(Saved entries)
==========

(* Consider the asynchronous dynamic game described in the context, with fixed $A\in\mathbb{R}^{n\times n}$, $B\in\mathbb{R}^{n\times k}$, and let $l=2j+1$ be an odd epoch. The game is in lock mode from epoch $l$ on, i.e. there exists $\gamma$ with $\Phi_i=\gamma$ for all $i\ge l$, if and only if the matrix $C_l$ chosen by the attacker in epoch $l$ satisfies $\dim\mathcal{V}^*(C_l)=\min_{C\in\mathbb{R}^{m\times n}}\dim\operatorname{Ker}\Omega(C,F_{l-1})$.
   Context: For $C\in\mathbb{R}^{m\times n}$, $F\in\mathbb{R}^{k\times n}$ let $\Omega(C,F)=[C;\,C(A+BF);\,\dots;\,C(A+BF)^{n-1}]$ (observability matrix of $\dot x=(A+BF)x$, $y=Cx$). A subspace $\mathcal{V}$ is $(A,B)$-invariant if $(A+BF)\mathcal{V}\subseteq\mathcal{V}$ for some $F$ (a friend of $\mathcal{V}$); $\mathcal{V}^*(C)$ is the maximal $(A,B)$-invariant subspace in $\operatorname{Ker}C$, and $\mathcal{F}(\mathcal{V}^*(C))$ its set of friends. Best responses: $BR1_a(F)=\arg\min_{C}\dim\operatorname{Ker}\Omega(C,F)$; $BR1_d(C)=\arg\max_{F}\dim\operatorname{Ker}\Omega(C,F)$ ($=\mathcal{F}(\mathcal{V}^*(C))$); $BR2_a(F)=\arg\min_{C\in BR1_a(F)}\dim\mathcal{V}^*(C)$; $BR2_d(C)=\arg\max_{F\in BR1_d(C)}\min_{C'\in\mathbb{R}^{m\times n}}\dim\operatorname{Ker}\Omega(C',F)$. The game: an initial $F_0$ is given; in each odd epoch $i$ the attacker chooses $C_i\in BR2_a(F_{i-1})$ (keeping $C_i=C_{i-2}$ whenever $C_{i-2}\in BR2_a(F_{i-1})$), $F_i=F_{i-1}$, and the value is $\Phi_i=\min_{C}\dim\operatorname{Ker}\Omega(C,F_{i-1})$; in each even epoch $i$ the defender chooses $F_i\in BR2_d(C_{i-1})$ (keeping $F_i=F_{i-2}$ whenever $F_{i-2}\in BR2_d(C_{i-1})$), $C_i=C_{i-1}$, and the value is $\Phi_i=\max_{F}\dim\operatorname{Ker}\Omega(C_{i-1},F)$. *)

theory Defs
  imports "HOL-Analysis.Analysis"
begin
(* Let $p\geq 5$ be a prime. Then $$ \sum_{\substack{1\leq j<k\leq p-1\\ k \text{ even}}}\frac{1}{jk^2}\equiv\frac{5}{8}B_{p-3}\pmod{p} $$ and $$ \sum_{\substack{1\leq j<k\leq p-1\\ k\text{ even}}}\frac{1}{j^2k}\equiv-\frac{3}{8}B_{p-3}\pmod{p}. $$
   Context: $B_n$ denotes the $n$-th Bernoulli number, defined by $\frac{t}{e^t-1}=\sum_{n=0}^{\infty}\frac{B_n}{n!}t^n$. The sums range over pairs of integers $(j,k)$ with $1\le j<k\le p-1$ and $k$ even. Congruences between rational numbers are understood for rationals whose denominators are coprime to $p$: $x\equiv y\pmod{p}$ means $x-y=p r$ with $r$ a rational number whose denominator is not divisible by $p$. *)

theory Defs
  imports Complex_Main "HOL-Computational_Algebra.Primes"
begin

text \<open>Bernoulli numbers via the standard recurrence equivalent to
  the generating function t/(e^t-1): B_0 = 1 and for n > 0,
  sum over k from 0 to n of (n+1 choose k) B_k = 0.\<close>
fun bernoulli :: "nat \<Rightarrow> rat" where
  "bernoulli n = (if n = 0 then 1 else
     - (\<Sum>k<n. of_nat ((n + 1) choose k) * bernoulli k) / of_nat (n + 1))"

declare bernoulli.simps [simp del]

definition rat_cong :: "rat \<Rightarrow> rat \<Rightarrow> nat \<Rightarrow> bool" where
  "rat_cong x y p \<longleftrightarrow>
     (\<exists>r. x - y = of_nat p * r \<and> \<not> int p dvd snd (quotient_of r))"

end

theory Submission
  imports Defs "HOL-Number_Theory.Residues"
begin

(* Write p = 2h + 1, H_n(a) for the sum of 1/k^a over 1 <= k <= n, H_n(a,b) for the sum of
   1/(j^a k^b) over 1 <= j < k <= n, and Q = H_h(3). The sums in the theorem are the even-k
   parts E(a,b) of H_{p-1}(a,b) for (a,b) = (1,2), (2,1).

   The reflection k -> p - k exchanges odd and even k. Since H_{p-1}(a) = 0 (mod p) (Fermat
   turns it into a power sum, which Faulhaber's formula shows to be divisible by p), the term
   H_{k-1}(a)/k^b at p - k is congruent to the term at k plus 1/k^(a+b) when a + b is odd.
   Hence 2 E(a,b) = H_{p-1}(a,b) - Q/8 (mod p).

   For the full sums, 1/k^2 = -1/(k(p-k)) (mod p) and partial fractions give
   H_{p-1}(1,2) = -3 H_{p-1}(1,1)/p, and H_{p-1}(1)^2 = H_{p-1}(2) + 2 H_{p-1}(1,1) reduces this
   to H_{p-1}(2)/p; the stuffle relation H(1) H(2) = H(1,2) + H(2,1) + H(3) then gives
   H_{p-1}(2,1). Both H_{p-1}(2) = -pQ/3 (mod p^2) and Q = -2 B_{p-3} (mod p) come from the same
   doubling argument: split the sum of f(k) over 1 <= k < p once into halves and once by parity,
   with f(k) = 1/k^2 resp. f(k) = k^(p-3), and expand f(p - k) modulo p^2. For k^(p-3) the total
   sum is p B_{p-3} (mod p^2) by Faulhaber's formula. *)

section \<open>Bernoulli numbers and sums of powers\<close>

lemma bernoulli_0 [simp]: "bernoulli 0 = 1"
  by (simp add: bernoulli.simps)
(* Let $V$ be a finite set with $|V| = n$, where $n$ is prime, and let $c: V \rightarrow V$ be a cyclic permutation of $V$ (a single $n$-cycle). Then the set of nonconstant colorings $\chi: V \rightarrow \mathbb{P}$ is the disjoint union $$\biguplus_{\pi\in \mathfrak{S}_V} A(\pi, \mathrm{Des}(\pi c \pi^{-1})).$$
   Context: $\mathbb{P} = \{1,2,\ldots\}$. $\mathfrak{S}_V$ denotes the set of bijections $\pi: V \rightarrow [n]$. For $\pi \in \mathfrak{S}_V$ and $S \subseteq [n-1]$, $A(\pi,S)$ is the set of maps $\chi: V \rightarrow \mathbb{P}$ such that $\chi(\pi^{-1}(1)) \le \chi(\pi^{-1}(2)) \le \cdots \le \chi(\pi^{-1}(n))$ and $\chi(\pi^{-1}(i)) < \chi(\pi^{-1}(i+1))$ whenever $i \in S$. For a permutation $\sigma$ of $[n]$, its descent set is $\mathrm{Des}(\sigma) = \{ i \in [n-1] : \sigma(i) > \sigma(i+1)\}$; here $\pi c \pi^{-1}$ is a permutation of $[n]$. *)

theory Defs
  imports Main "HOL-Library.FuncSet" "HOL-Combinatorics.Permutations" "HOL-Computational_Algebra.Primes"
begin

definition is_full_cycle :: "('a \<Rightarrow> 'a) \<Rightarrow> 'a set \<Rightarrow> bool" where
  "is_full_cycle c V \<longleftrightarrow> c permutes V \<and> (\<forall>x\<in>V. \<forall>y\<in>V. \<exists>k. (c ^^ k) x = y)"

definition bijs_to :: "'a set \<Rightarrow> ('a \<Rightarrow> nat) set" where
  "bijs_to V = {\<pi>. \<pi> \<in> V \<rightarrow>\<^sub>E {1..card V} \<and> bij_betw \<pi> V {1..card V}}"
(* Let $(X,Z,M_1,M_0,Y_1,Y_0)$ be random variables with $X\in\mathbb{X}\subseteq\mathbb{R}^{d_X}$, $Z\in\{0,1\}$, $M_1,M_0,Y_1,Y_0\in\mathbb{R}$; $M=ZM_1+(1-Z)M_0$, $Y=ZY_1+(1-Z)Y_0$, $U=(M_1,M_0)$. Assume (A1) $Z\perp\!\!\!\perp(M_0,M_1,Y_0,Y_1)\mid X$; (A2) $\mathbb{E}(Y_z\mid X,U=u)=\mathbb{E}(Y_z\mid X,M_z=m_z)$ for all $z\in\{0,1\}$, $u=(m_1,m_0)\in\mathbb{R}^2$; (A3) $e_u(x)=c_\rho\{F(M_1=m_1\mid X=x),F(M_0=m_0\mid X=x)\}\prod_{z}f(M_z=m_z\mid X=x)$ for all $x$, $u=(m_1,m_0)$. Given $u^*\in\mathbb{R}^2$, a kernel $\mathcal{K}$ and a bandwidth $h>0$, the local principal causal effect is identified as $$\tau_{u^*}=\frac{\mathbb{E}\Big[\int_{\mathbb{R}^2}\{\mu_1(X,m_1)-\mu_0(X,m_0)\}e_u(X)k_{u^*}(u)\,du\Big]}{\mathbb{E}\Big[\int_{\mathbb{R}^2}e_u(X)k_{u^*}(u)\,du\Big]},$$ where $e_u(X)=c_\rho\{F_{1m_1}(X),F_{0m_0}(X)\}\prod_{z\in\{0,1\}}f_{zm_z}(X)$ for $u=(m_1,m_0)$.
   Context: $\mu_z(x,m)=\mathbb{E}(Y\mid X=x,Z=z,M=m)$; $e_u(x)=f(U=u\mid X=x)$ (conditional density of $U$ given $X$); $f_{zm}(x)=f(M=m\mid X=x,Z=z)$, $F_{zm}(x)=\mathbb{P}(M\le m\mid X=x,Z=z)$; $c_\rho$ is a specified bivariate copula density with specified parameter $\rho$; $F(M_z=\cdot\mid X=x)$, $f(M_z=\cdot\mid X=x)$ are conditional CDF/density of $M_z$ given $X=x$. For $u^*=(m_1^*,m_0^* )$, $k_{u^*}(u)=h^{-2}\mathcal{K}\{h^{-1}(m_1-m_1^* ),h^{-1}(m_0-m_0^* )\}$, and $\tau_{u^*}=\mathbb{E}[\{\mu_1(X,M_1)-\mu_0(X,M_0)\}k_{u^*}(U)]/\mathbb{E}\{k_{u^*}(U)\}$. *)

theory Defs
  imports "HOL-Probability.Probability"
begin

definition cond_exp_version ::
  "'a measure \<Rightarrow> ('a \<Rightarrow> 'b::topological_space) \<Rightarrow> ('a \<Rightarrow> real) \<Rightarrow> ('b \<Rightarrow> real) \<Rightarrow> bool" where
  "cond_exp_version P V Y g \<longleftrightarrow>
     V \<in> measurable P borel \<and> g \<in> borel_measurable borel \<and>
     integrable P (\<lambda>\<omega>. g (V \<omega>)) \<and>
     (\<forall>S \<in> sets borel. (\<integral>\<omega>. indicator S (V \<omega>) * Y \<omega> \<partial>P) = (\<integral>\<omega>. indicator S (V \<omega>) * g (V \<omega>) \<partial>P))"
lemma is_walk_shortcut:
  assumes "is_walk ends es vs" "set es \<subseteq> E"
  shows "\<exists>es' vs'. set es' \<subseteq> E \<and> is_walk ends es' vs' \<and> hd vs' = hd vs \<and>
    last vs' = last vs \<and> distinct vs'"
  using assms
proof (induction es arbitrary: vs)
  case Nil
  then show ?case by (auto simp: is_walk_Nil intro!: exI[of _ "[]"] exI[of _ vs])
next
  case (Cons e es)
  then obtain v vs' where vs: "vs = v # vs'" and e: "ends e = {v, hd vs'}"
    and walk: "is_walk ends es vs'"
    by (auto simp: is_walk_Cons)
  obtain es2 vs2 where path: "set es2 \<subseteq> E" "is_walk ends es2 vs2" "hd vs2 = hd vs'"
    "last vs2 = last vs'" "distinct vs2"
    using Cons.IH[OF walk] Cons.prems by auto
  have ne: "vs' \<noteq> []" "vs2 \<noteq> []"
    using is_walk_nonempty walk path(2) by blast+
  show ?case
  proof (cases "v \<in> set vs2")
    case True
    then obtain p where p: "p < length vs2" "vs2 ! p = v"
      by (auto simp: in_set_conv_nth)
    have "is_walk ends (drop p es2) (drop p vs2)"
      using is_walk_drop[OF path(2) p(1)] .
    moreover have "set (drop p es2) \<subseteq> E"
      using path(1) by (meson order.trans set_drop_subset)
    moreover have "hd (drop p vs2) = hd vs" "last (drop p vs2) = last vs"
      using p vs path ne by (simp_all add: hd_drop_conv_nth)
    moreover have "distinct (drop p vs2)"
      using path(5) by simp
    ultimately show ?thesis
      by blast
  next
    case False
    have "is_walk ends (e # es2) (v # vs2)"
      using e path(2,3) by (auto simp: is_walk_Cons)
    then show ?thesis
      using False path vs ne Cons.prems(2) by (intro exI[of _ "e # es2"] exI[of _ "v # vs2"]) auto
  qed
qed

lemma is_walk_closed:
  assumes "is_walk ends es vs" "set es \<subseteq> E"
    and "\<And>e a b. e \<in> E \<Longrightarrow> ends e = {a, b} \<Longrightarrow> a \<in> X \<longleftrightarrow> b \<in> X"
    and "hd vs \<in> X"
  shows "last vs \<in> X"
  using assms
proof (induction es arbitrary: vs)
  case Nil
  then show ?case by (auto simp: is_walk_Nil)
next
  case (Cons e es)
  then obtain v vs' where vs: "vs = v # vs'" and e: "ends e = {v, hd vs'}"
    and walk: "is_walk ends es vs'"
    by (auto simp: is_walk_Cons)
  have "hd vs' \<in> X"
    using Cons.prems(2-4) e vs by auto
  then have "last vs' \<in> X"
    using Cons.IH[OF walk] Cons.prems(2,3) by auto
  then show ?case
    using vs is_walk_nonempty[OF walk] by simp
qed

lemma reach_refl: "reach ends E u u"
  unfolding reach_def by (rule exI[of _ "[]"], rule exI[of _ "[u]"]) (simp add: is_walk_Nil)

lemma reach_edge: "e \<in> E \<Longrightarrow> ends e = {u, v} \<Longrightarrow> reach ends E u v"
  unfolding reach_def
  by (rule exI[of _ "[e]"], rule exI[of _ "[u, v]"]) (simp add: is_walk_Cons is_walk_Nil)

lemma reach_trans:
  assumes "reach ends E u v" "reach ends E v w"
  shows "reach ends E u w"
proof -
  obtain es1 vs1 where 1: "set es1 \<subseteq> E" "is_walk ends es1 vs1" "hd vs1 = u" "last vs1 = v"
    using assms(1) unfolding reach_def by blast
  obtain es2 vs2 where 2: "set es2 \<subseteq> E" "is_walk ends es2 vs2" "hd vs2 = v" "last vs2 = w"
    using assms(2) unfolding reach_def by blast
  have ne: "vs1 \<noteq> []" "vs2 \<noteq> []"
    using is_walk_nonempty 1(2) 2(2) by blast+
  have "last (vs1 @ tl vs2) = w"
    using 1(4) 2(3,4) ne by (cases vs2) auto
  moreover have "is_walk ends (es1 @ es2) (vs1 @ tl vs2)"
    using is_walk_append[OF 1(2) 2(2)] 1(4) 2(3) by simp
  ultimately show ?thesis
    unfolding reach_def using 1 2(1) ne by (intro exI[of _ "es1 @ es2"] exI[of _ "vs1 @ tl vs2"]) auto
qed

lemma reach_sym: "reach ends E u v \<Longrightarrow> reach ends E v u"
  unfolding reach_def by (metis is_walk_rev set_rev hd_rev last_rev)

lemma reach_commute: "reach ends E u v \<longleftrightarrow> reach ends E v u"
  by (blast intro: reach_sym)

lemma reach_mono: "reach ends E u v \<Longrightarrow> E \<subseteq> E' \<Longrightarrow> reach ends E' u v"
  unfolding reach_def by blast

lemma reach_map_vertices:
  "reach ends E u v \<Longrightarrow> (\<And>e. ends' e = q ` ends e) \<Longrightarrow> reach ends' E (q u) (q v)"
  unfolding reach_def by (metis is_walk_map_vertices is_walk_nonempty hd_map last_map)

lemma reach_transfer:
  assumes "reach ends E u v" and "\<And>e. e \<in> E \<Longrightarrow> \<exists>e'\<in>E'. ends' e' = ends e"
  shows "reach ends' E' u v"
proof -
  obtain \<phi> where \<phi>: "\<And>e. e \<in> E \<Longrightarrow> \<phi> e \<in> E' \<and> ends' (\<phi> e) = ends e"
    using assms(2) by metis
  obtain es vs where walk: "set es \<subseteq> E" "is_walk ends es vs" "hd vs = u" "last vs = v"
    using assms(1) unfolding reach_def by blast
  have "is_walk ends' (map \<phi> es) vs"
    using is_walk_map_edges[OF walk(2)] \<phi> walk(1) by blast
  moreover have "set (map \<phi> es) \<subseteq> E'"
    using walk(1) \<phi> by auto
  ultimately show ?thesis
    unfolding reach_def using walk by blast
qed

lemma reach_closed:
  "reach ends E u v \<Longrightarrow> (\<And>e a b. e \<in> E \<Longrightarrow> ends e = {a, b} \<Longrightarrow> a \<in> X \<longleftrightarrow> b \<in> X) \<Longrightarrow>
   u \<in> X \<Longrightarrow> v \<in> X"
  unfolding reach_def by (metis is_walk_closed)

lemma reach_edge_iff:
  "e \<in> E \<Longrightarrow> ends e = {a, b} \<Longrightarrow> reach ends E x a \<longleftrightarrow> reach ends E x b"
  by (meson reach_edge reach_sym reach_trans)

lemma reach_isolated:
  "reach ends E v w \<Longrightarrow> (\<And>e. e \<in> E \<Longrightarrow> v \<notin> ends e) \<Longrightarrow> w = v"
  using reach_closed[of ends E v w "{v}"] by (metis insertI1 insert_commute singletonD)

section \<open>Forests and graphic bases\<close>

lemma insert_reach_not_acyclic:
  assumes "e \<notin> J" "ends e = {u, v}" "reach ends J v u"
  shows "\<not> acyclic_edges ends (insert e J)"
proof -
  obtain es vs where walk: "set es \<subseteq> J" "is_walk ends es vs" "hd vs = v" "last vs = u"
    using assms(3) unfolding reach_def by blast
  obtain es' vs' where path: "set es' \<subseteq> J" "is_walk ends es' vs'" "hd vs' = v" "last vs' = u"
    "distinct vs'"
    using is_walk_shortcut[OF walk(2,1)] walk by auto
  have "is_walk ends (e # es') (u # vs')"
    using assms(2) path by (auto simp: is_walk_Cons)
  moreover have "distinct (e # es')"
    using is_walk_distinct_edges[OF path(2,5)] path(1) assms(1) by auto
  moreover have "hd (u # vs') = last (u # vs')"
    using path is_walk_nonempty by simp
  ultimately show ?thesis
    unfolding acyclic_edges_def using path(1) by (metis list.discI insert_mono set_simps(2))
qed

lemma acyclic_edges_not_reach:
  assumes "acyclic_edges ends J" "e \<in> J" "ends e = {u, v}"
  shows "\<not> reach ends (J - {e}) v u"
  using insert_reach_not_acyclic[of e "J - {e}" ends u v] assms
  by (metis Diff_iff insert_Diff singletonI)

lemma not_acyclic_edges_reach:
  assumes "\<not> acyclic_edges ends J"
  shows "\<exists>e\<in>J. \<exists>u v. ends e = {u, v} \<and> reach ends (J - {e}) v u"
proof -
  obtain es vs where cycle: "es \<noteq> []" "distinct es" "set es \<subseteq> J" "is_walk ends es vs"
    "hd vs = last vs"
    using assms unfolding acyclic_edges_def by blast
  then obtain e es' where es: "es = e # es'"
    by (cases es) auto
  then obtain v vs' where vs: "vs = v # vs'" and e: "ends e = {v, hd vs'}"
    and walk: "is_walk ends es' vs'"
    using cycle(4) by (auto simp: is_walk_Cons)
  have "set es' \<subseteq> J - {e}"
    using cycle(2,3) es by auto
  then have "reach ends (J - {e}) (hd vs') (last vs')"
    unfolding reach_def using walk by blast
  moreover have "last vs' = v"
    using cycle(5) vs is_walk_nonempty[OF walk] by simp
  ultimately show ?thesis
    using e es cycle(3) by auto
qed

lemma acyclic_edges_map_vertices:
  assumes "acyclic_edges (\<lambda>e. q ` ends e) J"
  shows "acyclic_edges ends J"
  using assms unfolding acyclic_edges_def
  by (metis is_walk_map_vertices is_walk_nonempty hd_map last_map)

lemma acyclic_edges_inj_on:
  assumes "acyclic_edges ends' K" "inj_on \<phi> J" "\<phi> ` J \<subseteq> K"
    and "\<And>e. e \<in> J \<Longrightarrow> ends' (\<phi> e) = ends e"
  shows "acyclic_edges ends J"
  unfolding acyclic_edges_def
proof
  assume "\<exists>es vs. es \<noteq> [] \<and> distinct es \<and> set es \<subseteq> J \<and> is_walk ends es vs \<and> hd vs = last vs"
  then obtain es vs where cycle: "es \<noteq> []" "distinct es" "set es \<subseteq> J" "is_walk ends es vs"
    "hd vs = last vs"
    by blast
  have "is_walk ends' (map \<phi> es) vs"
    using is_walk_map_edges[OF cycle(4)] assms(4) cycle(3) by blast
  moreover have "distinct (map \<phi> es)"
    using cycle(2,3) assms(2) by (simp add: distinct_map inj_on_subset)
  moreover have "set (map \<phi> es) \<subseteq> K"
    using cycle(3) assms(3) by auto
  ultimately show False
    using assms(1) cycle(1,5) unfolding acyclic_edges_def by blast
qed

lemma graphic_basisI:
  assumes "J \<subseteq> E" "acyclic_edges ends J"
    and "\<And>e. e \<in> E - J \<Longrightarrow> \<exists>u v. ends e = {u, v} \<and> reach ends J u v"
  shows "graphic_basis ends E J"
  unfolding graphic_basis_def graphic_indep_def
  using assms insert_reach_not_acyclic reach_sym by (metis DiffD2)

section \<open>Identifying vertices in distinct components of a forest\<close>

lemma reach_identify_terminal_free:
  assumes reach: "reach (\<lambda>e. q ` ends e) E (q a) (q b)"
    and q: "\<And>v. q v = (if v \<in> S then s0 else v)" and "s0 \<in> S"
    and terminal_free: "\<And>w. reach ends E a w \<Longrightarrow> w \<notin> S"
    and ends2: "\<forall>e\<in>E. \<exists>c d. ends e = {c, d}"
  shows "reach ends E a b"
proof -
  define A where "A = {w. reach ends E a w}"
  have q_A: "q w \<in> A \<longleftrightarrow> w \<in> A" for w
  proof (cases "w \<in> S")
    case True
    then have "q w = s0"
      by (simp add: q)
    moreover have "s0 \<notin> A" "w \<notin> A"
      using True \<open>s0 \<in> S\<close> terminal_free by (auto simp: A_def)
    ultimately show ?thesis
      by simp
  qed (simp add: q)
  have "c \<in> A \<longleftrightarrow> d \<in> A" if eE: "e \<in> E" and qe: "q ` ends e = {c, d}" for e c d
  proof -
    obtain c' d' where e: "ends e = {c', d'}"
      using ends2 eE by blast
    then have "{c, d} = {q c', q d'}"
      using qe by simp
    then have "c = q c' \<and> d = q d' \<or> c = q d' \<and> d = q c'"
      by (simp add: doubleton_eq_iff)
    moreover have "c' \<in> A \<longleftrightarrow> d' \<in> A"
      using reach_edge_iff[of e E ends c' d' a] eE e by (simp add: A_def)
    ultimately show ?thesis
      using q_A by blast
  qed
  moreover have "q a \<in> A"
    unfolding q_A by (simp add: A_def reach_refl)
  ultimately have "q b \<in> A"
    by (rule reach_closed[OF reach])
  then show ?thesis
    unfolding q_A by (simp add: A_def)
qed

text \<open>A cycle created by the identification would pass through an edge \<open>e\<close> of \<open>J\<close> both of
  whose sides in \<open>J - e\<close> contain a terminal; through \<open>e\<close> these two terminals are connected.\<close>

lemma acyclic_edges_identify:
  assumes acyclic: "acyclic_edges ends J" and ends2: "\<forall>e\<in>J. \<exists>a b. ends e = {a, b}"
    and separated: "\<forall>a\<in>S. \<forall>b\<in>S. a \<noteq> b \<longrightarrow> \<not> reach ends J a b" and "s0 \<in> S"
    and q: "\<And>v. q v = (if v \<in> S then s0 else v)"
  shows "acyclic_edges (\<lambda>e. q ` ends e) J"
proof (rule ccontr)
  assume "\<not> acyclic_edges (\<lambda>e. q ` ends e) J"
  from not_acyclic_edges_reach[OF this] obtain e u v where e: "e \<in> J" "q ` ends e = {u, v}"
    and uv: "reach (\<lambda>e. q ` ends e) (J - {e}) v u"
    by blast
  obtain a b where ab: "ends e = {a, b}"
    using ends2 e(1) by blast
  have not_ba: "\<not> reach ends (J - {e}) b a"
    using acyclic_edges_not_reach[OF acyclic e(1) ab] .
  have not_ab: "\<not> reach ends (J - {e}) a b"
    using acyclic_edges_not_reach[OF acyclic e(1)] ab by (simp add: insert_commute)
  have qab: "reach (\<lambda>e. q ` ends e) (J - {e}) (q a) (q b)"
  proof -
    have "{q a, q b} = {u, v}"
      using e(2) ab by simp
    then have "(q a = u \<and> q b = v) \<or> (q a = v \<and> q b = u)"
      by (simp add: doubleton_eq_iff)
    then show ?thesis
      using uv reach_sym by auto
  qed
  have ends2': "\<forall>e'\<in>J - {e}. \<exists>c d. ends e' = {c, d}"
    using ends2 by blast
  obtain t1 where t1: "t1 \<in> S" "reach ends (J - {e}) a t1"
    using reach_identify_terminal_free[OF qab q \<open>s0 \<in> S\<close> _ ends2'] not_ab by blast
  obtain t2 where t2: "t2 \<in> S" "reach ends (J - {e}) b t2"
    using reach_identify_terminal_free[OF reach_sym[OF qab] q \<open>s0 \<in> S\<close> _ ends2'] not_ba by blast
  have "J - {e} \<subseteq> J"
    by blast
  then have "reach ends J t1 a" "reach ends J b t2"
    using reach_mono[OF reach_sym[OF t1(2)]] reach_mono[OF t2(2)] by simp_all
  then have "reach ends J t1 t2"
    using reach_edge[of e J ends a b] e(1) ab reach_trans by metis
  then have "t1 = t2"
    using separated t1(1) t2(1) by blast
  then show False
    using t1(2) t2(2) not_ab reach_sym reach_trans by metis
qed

==========

THE PROBLEM =>
Pick from the records each line that contains the word "assumes" and show it.

YOUR RESPONSE =>
  assumes "is_walk ends es vs" "set es \<subseteq> E"
  assumes "is_walk ends es vs" "set es \<subseteq> E"
  assumes "reach ends E u v" "reach ends E v w"
  assumes "reach ends E u v" and "\<And>e. e \<in> E \<Longrightarrow> \<exists>e'\<in>E'. ends' e' = ends e"
  assumes "e \<notin> J" "ends e = {u, v}" "reach ends J v u"
  assumes "acyclic_edges ends J" "e \<in> J" "ends e = {u, v}"
  assumes "\<not> acyclic_edges ends J"
  assumes "acyclic_edges (\<lambda>e. q ` ends e) J"
  assumes "acyclic_edges ends' K" "inj_on \<phi> J" "\<phi> ` J \<subseteq> K"
  assumes "J \<subseteq> E" "acyclic_edges ends J"
  assumes reach: "reach (\<lambda>e. q ` ends e) E (q a) (q b)"
  assumes acyclic: "acyclic_edges ends J" and ends2: "\<forall>e\<in>J. \<exists>a b. ends e = {a, b}"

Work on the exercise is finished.